Следом за машиной Олега поворачивает Дядя Саша.
Тут тоже лишних команд не требуется.
Следом пристраиваться ленкина «Фронтера» с Галкой за рулем.
— Связь на прием. А лучше отключите н–на….
Дядя Саша и Ленка наше самое слабое место. Американский пикап неплох сам по себе, да что там — если пренебречь расходом топлива, он прекрасен. Однако с катером на прицепе бездорожье даже ему дается с трудом.
Что касается «Фронтеры»…………… тут беспросветно мрачно, по моему мнению, она должна была развалиться еще в Аламо. На ходу недоджип держат золотые руки Степаныча, Олега и невиданная благосклонность местных богов.
Грузовик латинамеркианцев убрался с дороги.
Теперь МАЗ Степаныча.
Все.
— Олег организуй круговую оборону. Дядя Саша, собирайся, идем в разведку.
— Если кто по дороге поедет, нас по следам спалят на раз.
— Олег, я все прекрасно понимаю. Есть предложения лучше?
Предложений не было.
Соваться дальше по дороге без разведки за гранью идиотизма. Но и оставаться на месте скверная идея. Проезжая по дороге наш съезд не заметит только слепой. А слепых за руль не сажают.
Хорошо хоть местность пошла холмистая, заросшая уже подсохшей от зноя, но все еще сочной, высокой травой и кустарником. Даже деревца попадаются, изредка.
От дымов наш караван вряд ли заметили. Расстояние приличное, колея накатана по траве и твердому грунту, так что вуали пыльного шлейфа за машинами практически нет.
И ведь что обидно, почти приехали. С этой развилки два перехода до Москвы и четыре до Демидовска. А еще я надеялся дозаправиться в расположенной на перекрестке заправке.
А теперь судя по столбам дыма, наши надежды горят ярким пламенем. В самом прямом смысле.

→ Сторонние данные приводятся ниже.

lemma psd_hermitian:
  assumes "psd A" "A \<in> carrier_mat d d" "i < d" "j < d"
  shows "A $$ (i, j) = cnj (A $$ (j, i))"
proof (cases "i = j")
  case True
  then show ?thesis using psd_diag[OF assms(1-3)] by (simp add: complex_eq_iff)
next
  case False
  have real: "Im (cnj a * (A $$ (i, i) * a + A $$ (i, j) * b) + cnj b * (A $$ (j, i) * a + A $$ (j, j) * b)) = 0"
    for a b
    using psd_quad_form[OF assms(1), of "vec d (\<lambda>k. (if k = i then a else 0) + (if k = j then b else 0))"] assms(2)
    by (simp add: quad_form_two_units[OF assms(2-4) False])
  have "Im (A $$ (i, i)) = 0" "Im (A $$ (j, j)) = 0" using psd_diag assms by auto
  then have "Im (A $$ (i, j)) + Im (A $$ (j, i)) = 0" "Re (A $$ (i, j)) - Re (A $$ (j, i)) = 0"
    using real[of 1 1] real[of 1 \<i>] by (simp_all add: algebra_simps)
  then show ?thesis by (simp add: complex_eq_iff)
qed

lemma ampl_1:
  assumes "X \<in> carrier_mat d d" "F X \<in> carrier_mat d d"
  shows "ampl 1 d F X = F X"
proof -
  have "mat d d (\<lambda>(k, l). X $$ ((p div d) * d + k, (q div d) * d + l)) = X" if "p < d" "q < d" for p q
    using assms that by (intro eq_matI) auto
  then show ?thesis using assms by (intro eq_matI) (auto simp: ampl_def)
qed

lemma cptp_psd:
  assumes "cptp n F" "X \<in> carrier_mat (2^n) (2^n)" "psd X"
  shows "psd (F X)"
proof -
  have "F X \<in> carrier_mat (2^n) (2^n)" using assms by (simp add: cptp_def)
  then have "ampl 1 (2^n) F X = F X" using ampl_1 assms(2) by blast
  moreover have "psd (ampl 1 (2^n) F X)" using assms unfolding cptp_def by (metis mult_1)
  ultimately show ?thesis by simp
qed
lemma recode_one: "recode e = id"
proof
  fix w show "recode e w = id w"
    using decode_word[of w] e_fixes by (simp add: recode_def del: map_map)
qed

lemma recode_bij: "g \<in> G \<Longrightarrow> recode g \<in> Bij UNIV"
proof -
  assume g: "g \<in> G"
  then obtain g' where g': "g' \<in> G" "g' \<circ> g = e" "g \<circ> g' = e" using inverse by blast
  have "recode g \<circ> recode g' = id" "recode g' \<circ> recode g = id"
    using recode_comp[OF g'(1), of g] recode_comp[OF g, of g'] g'(2,3) recode_one by simp_all
  then have "bij (recode g)" using o_bij by blast
  then show ?thesis by (simp add: Bij_def)
qed

(* G acts faithfully on words over L, since g = g \<circ> e and e maps everything into lists L. *)
lemma recode_inj: "inj_on recode G"
proof
  fix g h assume g: "g \<in> G" and h: "h \<in> G" and eq: "recode g = recode h"
  show "g = h"
  proof
    fix w
    have eL: "e w \<in> lists L" using into_lists[OF one_in] .
    have "recode g (map code (e w)) = recode h (map code (e w))" using eq by simp
    then have "map code (g (e w)) = map code (h (e w))"
      using code_word[OF eL] by (simp add: recode_def)
    moreover have "set (g (e w)) \<union> set (h (e w)) \<subseteq> L"
      using into_lists[OF g] into_lists[OF h] by auto
    ultimately have "g (e w) = h (e w)"
      using inj_on_map_eq_map[OF inj_on_subset[OF code_inj]] by blast
    then show "g w = h w" using comp_one[OF g] comp_one[OF h] by (metis comp_apply)
  qed
qed
lemma exists_normalized_generator:
  assumes nondeg: "nondegenerate_on l UNIV" and s: "1 \<le> s"
    and stable: "\<And>x. (N^^s) x = 0 \<longleftrightarrow> (N^^CARD('n)) x = 0"
    and w: "(N^^s) w = 0" "(N^^(s - 1)) w \<noteq> 0"
  shows "\<exists>u \<sigma>. (T^^s) u = 0 \<and> (\<sigma> = 1 \<or> \<sigma> = -1) \<and> (\<forall>k. moment u k = (if k = s - 1 then \<sigma> else 0))"
proof -
  have "(N^^s) ((N^^(s - 1)) w) = (N^^(s - 1)) ((N^^s) w)" by (rule funpow_commute) (rule refl)
  then have "(N^^CARD('n)) ((N^^(s - 1)) w) = 0"
    using w(1) stable by (simp add: vec.linear_0[OF vec_linear_funpow[OF linear_N]])
  then obtain y where "(N^^s) y = 0" "l ((N^^(s - 1)) w) y \<noteq> 0"
    using nondegenerate_on_generalized_eigenspace[OF nondeg] w(2) stable
    unfolding nondegenerate_on_def by blast
  then obtain a where "(T^^s) a = 0" "moment a (s - 1) \<noteq> 0"
    using exists_top_moment_nonzero[OF s w(1)] by blast
  then show ?thesis using exists_normalized_moments by blast
qed

end

section \<open>The normalized chain\<close>

locale normalized_chain = antilinear_self_adjoint l A \<mu>
  for l :: "complex^'n \<Rightarrow> complex^'n \<Rightarrow> complex" and A and \<mu> +
  fixes s :: nat and u :: "complex^'n" and \<sigma> :: complex
  assumes kernel_T: "(T^^s) u = 0"
    and sign: "\<sigma> = 1 \<or> \<sigma> = -1"
    and moments: "\<And>k. moment u k = (if k = s - 1 then \<sigma> else 0)"
begin

definition chain :: "nat \<Rightarrow> complex^'n" where
  "chain i = (T^^(s - i)) u"

lemma chain_gram:
  assumes "i \<in> {1..s}" and "j \<in> {1..s}"
  shows "l (chain j) (chain i) = \<sigma> * S_mat s i j"
proof -
  have nu: "T_nilpotent u" using kernel_T by (rule T_nilpotentI)
  have "l (chain j) (chain i) = l ((T^^(s - i)) (chain j)) u"
    unfolding chain_def by (rule T_funpow_symmetric[OF T_nilpotent_funpow[OF nu] nu, symmetric])
  also have "\<dots> = moment u ((s - i) + (s - j))" by (simp add: chain_def moment_def funpow_add)
  also have "\<dots> = \<sigma> * S_mat s i j" using assms by (auto simp: moments S_mat_def)
  finally show ?thesis .
qed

Состав поисковой партии изменили, заменив бывшего егеря на Итц*Лэ. Случись ударить по тапкам, далеко и быстро Дяде Саше не убежать. С «Вепрем» на вершине спрятавшей нас высотки от него толчины в разы больше.
Насилу угомонили рвавшуюся за мной Муху. Собака бы пригодилась, но готовящаяся щениться, раненая сука была не в лучшей форме.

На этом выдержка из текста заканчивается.